Abstract

Purpose

   To investigate the effectiveness of modified Bu-Shen-Yi-Qi decoction
   (MBSYQ) in the treatment of osteoporosis associated with chronic
   obstructive pulmonary disease (COPD) and its underlying mechanisms of
   action.

Methods

   Disease targets, active ingredients and targets were predicted by TTD,
   CTD, DisGeNET, HERB (BenCaoZuJian as its Chinese name), and
   multiple-TCM databases; In addition, the screened targets were
   performed via the online platforms DAVID 6.8 and Metascape for GO and
   KEGG pathway enrichment analysis; The relationship between the MBSYQ
   and core targets were verified by molecular docking technique. Then we
   established a COPD-associated osteoporosis rat model by passive 24-week
   cigarette exposure. We assessed the efficacy of MBSYQ by lung
   histopathology assessment and distal femur/the first lumbar vertebra
   (L1) microstructural assay. In addition, we performed tibial RNA
   sequencing, which was validated by RT-PCR and Western blot.

Results

   Screening revealed that the 350 active compounds of MBSYQ anchored 228
   therapeutic targets for COPD-related osteoporosis; KEGG pathway
   enrichment analysis showed that the key targets mainly regulated MAPK
   and PI3K/AKT signaling pathways. In vivo studies showed that MBSYQ
   treatment alleviated pathological alterations in lung tissue, and
   reversed the bone loss and microstructure damage in the femur/L1 of
   model rats.
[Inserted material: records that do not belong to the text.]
lemma exists_ball_cover_powr:
  fixes U :: "nat \<Rightarrow> 'a::metric_space set"
  assumes "\<And>j. bounded (U j)" "0 < s" "0 < \<eta>"
  obtains c r where "\<And>j. U j \<subseteq> ball (c j) (r j)" "\<And>j. 0 < r j"
    "\<And>j. (2 * r j) powr s \<le> 4 powr s * diameter (U j) powr s + \<eta> / 2 ^ Suc j"
proof -
  define r where "r j = (if 0 < diameter (U j) then 2 * diameter (U j) else (\<eta> / 2 ^ Suc j) powr (1 / s) / 2)"
    for j
  define c where "c j = (SOME x. x \<in> U j)" for j
  have r_pos: "0 < r j" for j
    using assms(3) by (simp add: r_def)
  have "U j \<subseteq> ball (c j) (r j)" for j
  proof
    fix y
    assume y: "y \<in> U j"
    then have "c j \<in> U j"
      unfolding c_def by (rule someI)
    then have "dist (c j) y \<le> diameter (U j)"
      using diameter_bounded_bound[OF assms(1) _ y] by blast
    moreover have "diameter (U j) < r j"
    proof (cases "0 < diameter (U j)")
      case False
      then have "diameter (U j) = 0"
        using diameter_ge_0[OF assms(1)[of j]] by linarith
      then show ?thesis
        using r_pos[of j] by simp
    qed (simp add: r_def)
    ultimately show "y \<in> ball (c j) (r j)"
      by simp
  qed
  moreover have "(2 * r j) powr s \<le> 4 powr s * diameter (U j) powr s + \<eta> / 2 ^ Suc j" for j
  proof (cases "0 < diameter (U j)")
    case True
    then have "(2 * r j) powr s = 4 powr s * diameter (U j) powr s"
      by (simp add: r_def powr_mult)
    then show ?thesis
      using assms(3) by simp
  next
    case False
    then have "(2 * r j) powr s = \<eta> / 2 ^ Suc j"
      using assms(2,3) by (simp add: r_def powr_powr)
    then show ?thesis
      by simp
  qed
  ultimately show ?thesis
    using that r_pos by blast
qed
The RNA seq indicated that MBSYQ could upregulate genes
   associated with anti-oxidative stress and aerobic respiration. The GSEA
   analysis displayed that MAPK and PI3K/AKT pathways were inhibited by CS
   exposure and activated by MBSYQ.

Conclusion

   MBSYQ is effective in the prevention and treatment of COPD-related
   osteoporosis, partially achieved by improving oxygen metabolism and
   activating MAPK and PI3K/AKT pathways.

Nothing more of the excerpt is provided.